WORK ORDER =>
Nothing but the lines from the one containing "theory Defs" to the end of the records below should be output, each exactly as written.

Saved entries =>

(* Let $m,\delta>1$ be integers, $n=m\delta$, and let $V^1,V^2$ be two copies of $\mathbb{F}_2^n$, each written as $V^i=V^i_1\times\cdots\times V^i_\delta$ with $V^i_j\cong\mathbb{F}_2^m$ (brick $V^i_j$ consisting of coordinates $(j-1)m,\dots,jm-1$). Let $\gamma\in\mathrm{Sym}(\mathbb{F}_2^n)$ be a parallel S-Box, $(x_1,\dots,x_\delta)\gamma=(x_1\gamma_1,\dots,x_\delta\gamma_\delta)$ with $\gamma_j\in\mathrm{Sym}(\mathbb{F}_2^m)$ and $0\gamma_j\neq0$; let $\lambda$ be an invertible linear map of $\mathbb{F}_2^n$ which is non-type-preserving, and put $\rho=\gamma\lambda$. Let $V=V^1\times V^2$. For $k=(k_1,k_2)\in V$ let $\sigma_k:(x_1,x_2)\mapsto(x_1\boxplus k_1,x_2\boxplus k_2)$, where $\boxplus$ is addition modulo $2^n$ on each component, and let $\mathcal{P}:V\to V$, $(x_1,x_2)\mapsto(x_2,\,x_1\oplus x_2\rho)$, where $\oplus$ is bitwise XOR. Let $\Gamma_\infty=\langle \sigma_k\,\mathcal{P}\,\sigma_h : k,h\in V\rangle\le\mathrm{Sym}(V)$. Then $\Gamma_\infty$ is primitive on $V$.
   Context: A vector $a=(a_0,\dots,a_{n-1})\in\mathbb{F}_2^n$ is identified with the integer $\sum_i a_i2^i$, and $\boxplus$ is addition of these integers modulo $2^n$. Maps act on the right and are composed left to right. Type of a subset: for $D\subseteq\mathbb{F}_2^n$, its type is the sequence of $\delta$ symbols whose $j$-th entry is "white" if the projection of $D$ onto the $j$-th brick has size $1$, "ruled" if it has size $t$ with $1<t<2^m$, and "black" if it is the whole brick. Non-type-preserving: an invertible linear map $\lambda$ of $\mathbb{F}_2^n$ is non-type-preserving if for every subset $D\subseteq\mathbb{F}_2^n$ whose type is (first $a$ entries white, then $b$ ruled, then $c$ black) with $a,c\ge0$, $b\in\{0,1\}$, $a+b+c=\delta$, not all-white and not all-black, the type of $D\lambda$ differs from the type of $D$. A group $G\le\mathrm{Sym}(V)$ is primitive if it is transitive and preserves no partition of $V$ other than $\{V\}$ and the partition into singletons. *)

theory Defs
  imports Main "HOL-Library.Disjoint_Sets" "HOL-Algebra.Bij" "HOL-Algebra.Generated_Groups"
begin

EXERCISE ANSWER =>
theory Defs
  imports Main "HOL-Library.Disjoint_Sets" "HOL-Algebra.Bij" "HOL-Algebra.Generated_Groups"
begin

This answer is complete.